• ENTRIES SUPPLIED:
lemma sum_translate_pair:
  assumes x: "x < p" and z: "z < p"
  shows "(\<Sum>x0<p. \<Sum>z0<p. g x0 z0 * F ((x0 + p - x) mod p) ((z + z0) mod p))
       = (\<Sum>\<alpha><p. \<Sum>\<beta><p. g ((\<alpha> + x) mod p) ((\<beta> + (p - z)) mod p) * F \<alpha> \<beta>)"
proof -
  have shift_x: "((\<alpha> + x) mod p + p - x) mod p = \<alpha>" if "\<alpha> < p" for \<alpha>
  proof -
    have "((\<alpha> + x) mod p + p - x) mod p = ((\<alpha> + x) mod p + (p - x)) mod p" using x by simp
    also have "\<dots> = (\<alpha> + x + (p - x)) mod p" by (simp add: mod_add_left_eq)
    also have "\<alpha> + x + (p - x) = \<alpha> + p" using x by simp
    finally show ?thesis using that by simp
  qed
  have shift_z: "(z + (\<beta> + (p - z)) mod p) mod p = \<beta>" if "\<beta> < p" for \<beta>
  proof -
    have "(z + (\<beta> + (p - z)) mod p) mod p = (z + (\<beta> + (p - z))) mod p" by (simp add: mod_add_right_eq)
    also have "z + (\<beta> + (p - z)) = \<beta> + p" using z by simp
    finally show ?thesis using that by simp
  qed
  have "(\<Sum>x0<p. \<Sum>z0<p. g x0 z0 * F ((x0 + p - x) mod p) ((z + z0) mod p))
      = (\<Sum>\<alpha><p. \<Sum>\<beta><p. g ((\<alpha> + x) mod p) ((\<beta> + (p - z)) mod p)
           * F (((\<alpha> + x) mod p + p - x) mod p) ((z + (\<beta> + (p - z)) mod p) mod p))"
    by (subst sum_mod_shift[where c = x, symmetric], rule p_pos, rule sum.cong[OF refl],
        rule sum_mod_shift[where c = "p - z", symmetric], rule p_pos)
  also have "\<dots> = (\<Sum>\<alpha><p. \<Sum>\<beta><p. g ((\<alpha> + x) mod p) ((\<beta> + (p - z)) mod p) * F \<alpha> \<beta>)"
    by (intro sum.cong refl) (simp add: shift_x shift_z)
  finally show ?thesis .
qed

lemma conv_reindex:
  assumes "\<alpha> < p" "\<beta> < p"
  shows "(\<Sum>x<p. \<Sum>z<p. Pt ((p - x) mod p) z * P ((\<alpha> + x) mod p) ((\<beta> + (p - z)) mod p)) = conv p Pt P \<alpha> \<beta>"
proof -
  define g where "g u = (\<Sum>z<p. Pt u z * P ((\<alpha> + p - u) mod p) ((\<beta> + p - z) mod p))" for u
  have "(\<alpha> + p - (p - x) mod p) mod p = (\<alpha> + x) mod p" if "x < p" for x
    using that assms by (cases "x = 0") auto
  then have "(\<Sum>x<p. \<Sum>z<p. Pt ((p - x) mod p) z * P ((\<alpha> + x) mod p) ((\<beta> + (p - z)) mod p)) = (\<Sum>x<p. g ((p - x) mod p))"
    by (intro sum.cong refl) (auto simp: g_def)
  also have "\<dots> = (\<Sum>u<p. g u)" by (rule sum_mod_neg[OF p_pos])
  finally show ?thesis by (simp add: g_def conv_def)
qed

lemma bell_vec_outer:
  assumes "a < p" "b < p" "a' < p" "b' < p"
  shows "bell_vec p (\<alpha>, \<beta>) (a * p + b) * cnj (bell_vec p (\<alpha>, \<beta>) (a' * p + b'))
       = complex_of_real (1 / real p) * (Wop p \<alpha> \<beta> $$ (a, b) * cnj (Wop p \<alpha> \<beta> $$ (a', b')))"
proof -
  have "complex_of_real (1 / sqrt (real p)) * cnj (complex_of_real (1 / sqrt (real p))) = complex_of_real (1 / real p)"
    by (simp flip: of_real_mult)
  then show ?thesis using assms by (simp add: bell_vec_def mult_ac)
qed

lemma index_decompose: "i < p * p \<Longrightarrow> i = (i div p) * p + i mod p \<and> i div p < p \<and> i mod p < p"
  using p_gt_1 by (auto simp: less_mult_imp_div_less)

lemma omega_AB_eq:
  assumes P0: "\<forall>x<p. \<forall>z<p. 0 \<le> P x z"
  shows "ptrace_second (p * p) (p * p) (omega_ABE p P Pt)
       = spectral_sum (p * p) ({..<p} \<times> {..<p}) (\<lambda>k. complex_of_real (case_prod (conv p Pt P) k)) (bell_vec p)"
proof (rule eq_matI)
  fix i j assume "i < dim_row (spectral_sum (p * p) ({..<p} \<times> {..<p}) (\<lambda>k. complex_of_real (case_prod (conv p Pt P) k)) (bell_vec p))"
    "j < dim_col (spectral_sum (p * p) ({..<p} \<times> {..<p}) (\<lambda>k. complex_of_real (case_prod (conv p Pt P) k)) (bell_vec p))"
  then have i: "i < p * p" and j: "j < p * p" by auto
  define a b a' b' where "a = i div p" "b = i mod p" "a' = j div p" "b' = j mod p"
  have ia: "i = a * p + b" "a < p" "b < p" using index_decompose[OF i] by (auto simp: a_b_a'_b'_def)
  have ja: "j = a' * p + b'" "a' < p" "b' < p" using index_decompose[OF j] by (auto simp: a_b_a'_b'_def)
  define F where "F \<alpha> \<beta> = Wop p \<alpha> \<beta> $$ (a, b) * cnj (Wop p \<alpha> \<beta> $$ (a', b'))" for \<alpha> \<beta>
  have "ptrace_second (p * p) (p * p) (omega_ABE p P Pt) $$ (i, j)
      = (\<Sum>x<p. \<Sum>z<p. \<Sum>x0<p. \<Sum>z0<p. complex_of_real (Pt ((p - x) mod p) z * P x0 z0 / real p) *
         F ((x0 + p - x) mod p) ((z + z0) mod p))"
    unfolding ia ja F_def by (subst sum_swap_12_34) (rule index_omega_AB[OF P0 ia(2,3) ja(2,3)])
  also have "\<dots> = (\<Sum>x<p. \<Sum>z<p. \<Sum>\<alpha><p. \<Sum>\<beta><p.
      complex_of_real (Pt ((p - x) mod p) z * P ((\<alpha> + x) mod p) ((\<beta> + (p - z)) mod p) / real p) * F \<alpha> \<beta>)"
    by (intro sum.cong refl sum_translate_pair) simp_all
  also have "\<dots> = (\<Sum>\<alpha><p. \<Sum>\<beta><p. complex_of_real (conv p Pt P \<alpha> \<beta> / real p) * F \<alpha> \<beta>)"
  proof (subst sum_swap_12_34, intro sum.cong refl)
    fix \<alpha> \<beta> assume "\<alpha> \<in> {..<p}" "\<beta> \<in> {..<p}"
    then have conv: "(\<Sum>x<p. \<Sum>z<p. Pt ((p - x) mod p) z * P ((\<alpha> + x) mod p) ((\<beta> + (p - z)) mod p)) = conv p Pt P \<alpha> \<beta>"
      by (intro conv_reindex) auto
    have "(\<Sum>x<p. \<Sum>z<p. complex_of_real (Pt ((p - x) mod p) z * P ((\<alpha> + x) mod p) ((\<beta> + (p - z)) mod p) / real p) * F \<alpha> \<beta>)
        = complex_of_real ((\<Sum>x<p. \<Sum>z<p. Pt ((p - x) mod p) z * P ((\<alpha> + x) mod p) ((\<beta> + (p - z)) mod p)) / real p) * F \<alpha> \<beta>"
      by (simp add: sum_distrib_right sum_divide_distrib)
    then show "(\<Sum>x<p. \<Sum>z<p. complex_of_real (Pt ((p - x) mod p) z * P ((\<alpha> + x) mod p) ((\<beta> + (p - z)) mod p) / real p) * F \<alpha> \<beta>)
        = complex_of_real (conv p Pt P \<alpha> \<beta> / real p) * F \<alpha> \<beta>"
      by (simp only: conv)
  qed
  also have "\<dots> = spectral_sum (p * p) ({..<p} \<times> {..<p}) (\<lambda>k. complex_of_real (case_prod (conv p Pt P) k)) (bell_vec p) $$ (i, j)"
  proof -
    have "spectral_sum (p * p) ({..<p} \<times> {..<p}) (\<lambda>k. complex_of_real (case_prod (conv p Pt P) k)) (bell_vec p) $$ (i, j)
        = (\<Sum>\<alpha><p. \<Sum>\<beta><p. complex_of_real (conv p Pt P \<alpha> \<beta>) * (bell_vec p (\<alpha>, \<beta>) i * cnj (bell_vec p (\<alpha>, \<beta>) j)))"
      using i j by (simp add: index_spectral_sum case_prod_beta sum.cartesian_product mult.assoc)
    then show ?thesis unfolding ia ja by (simp add: bell_vec_outer ia ja F_def)
  qed
  finally show "ptrace_second (p * p) (p * p) (omega_ABE p P Pt) $$ (i, j)
      = spectral_sum (p * p) ({..<p} \<times> {..<p}) (\<lambda>k. complex_of_real (case_prod (conv p Pt P) k)) (bell_vec p) $$ (i, j)" .
qed (auto simp: ptrace_second_def)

• WHAT YOU ARE ASKED TO DO:
For the word "intro", tally the lines of the listing that include it and give the number alone.

• WRITTEN RESPONSE:
5